→ **Work to complete**: Below is a set of records. Please retype every one exactly.

→ **Source material**:
(* Let $n$ be an odd integer, and let $a$ and $b$ be distinct positive integers with $a+b=n$. Let $X$ be the circulant graph $X(\mathbb{Z}_{2n}, \{a,-a,b,-b\})$, whose vertex set is $\mathbb{Z}_{2n}$ and in which $u\sim v$ if and only if $v-u\in\{a,-a,b,-b\} \pmod{2n}$; it is a $4$-regular graph. Then the Grover discrete quantum walk on $X$ admits perfect state transfer from vertex $0$ to vertex $n$ at time $2n$, that is, \[U^{2n}\left(\tfrac{1}{2}\, e_0\otimes \mathbf{1}\right) = \tfrac{1}{2}\, e_n\otimes \mathbf{1}.\]
   Context: Let $X$ be a $d$-regular graph on $n$ vertices. Replace each edge $\{u,v\}$ by the two arcs $(u,v)$ and $(v,u)$. The state space is $\mathbb{C}^{nd}$, the space of complex functions on the arcs, with the standard inner product; it is identified with $\mathbb{C}^n\otimes\mathbb{C}^d$, where the arc $(u,v)$ corresponds to the vertex $u$ (its tail) together with one of the $d$ coin directions at $u$. The transition operator is $U=R(I\otimes G)$, where $R$ is the arc-reversal permutation matrix, $(Rf)(u,v)=f(v,u)$, and $G=\frac{2}{d}J-I$ is the $d\times d$ Grover coin ($J$ the all-ones matrix), so that $\big((I\otimes G)f\big)(u,v)=\frac{2}{d}\sum_{w\sim u} f(u,w)-f(u,v)$. For a vertex $u$, $e_u\otimes\mathbf{1}$ denotes the vector that is $1$ on every arc with tail $u$ and $0$ elsewhere, so $\frac{1}{\sqrt d}e_u\otimes\mathbf{1}$ is the uniform superposition over the outgoing arcs of $u$. The graph $X$ admits perfect state transfer from $u$ to $v$ at time $k$ if $U^k\left(\frac{1}{\sqrt d}e_u\otimes\mathbf{1}\right)=\frac{1}{\sqrt d}e_v\otimes\mathbf{1}$. *)

theory Defs
  imports Complex_Main
begin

→ **Completed exercise**:
(* Let $n$ be an odd integer, and let $a$ and $b$ be distinct positive integers with $a+b=n$. Let $X$ be the circulant graph $X(\mathbb{Z}_{2n}, \{a,-a,b,-b\})$, whose vertex set is $\mathbb{Z}_{2n}$ and in which $u\sim v$ if and only if $v-u\in\{a,-a,b,-b\} \pmod{2n}$; it is a $4$-regular graph. Then the Grover discrete quantum walk on $X$ admits perfect state transfer from vertex $0$ to vertex $n$ at time $2n$, that is, \[U^{2n}\left(\tfrac{1}{2}\, e_0\otimes \mathbf{1}\right) = \tfrac{1}{2}\, e_n\otimes \mathbf{1}.\]
   Context: Let $X$ be a $d$-regular graph on $n$ vertices. Replace each edge $\{u,v\}$ by the two arcs $(u,v)$ and $(v,u)$. The state space is $\mathbb{C}^{nd}$, the space of complex functions on the arcs, with the standard inner product; it is identified with $\mathbb{C}^n\otimes\mathbb{C}^d$, where the arc $(u,v)$ corresponds to the vertex $u$ (its tail) together with one of the $d$ coin directions at $u$. The transition operator is $U=R(I\otimes G)$, where $R$ is the arc-reversal permutation matrix, $(Rf)(u,v)=f(v,u)$, and $G=\frac{2}{d}J-I$ is the $d\times d$ Grover coin ($J$ the all-ones matrix), so that $\big((I\otimes G)f\big)(u,v)=\frac{2}{d}\sum_{w\sim u} f(u,w)-f(u,v)$. For a vertex $u$, $e_u\otimes\mathbf{1}$ denotes the vector that is $1$ on every arc with tail $u$ and $0$ elsewhere, so $\frac{1}{\sqrt d}e_u\otimes\mathbf{1}$ is the uniform superposition over the outgoing arcs of $u$. The graph $X$ admits perfect state transfer from $u$ to $v$ at time $k$ if $U^k\left(\frac{1}{\sqrt d}e_u\otimes\mathbf{1}\right)=\frac{1}{\sqrt d}e_v\otimes\mathbf{1}$. *)

theory Defs
  imports Complex_Main
begin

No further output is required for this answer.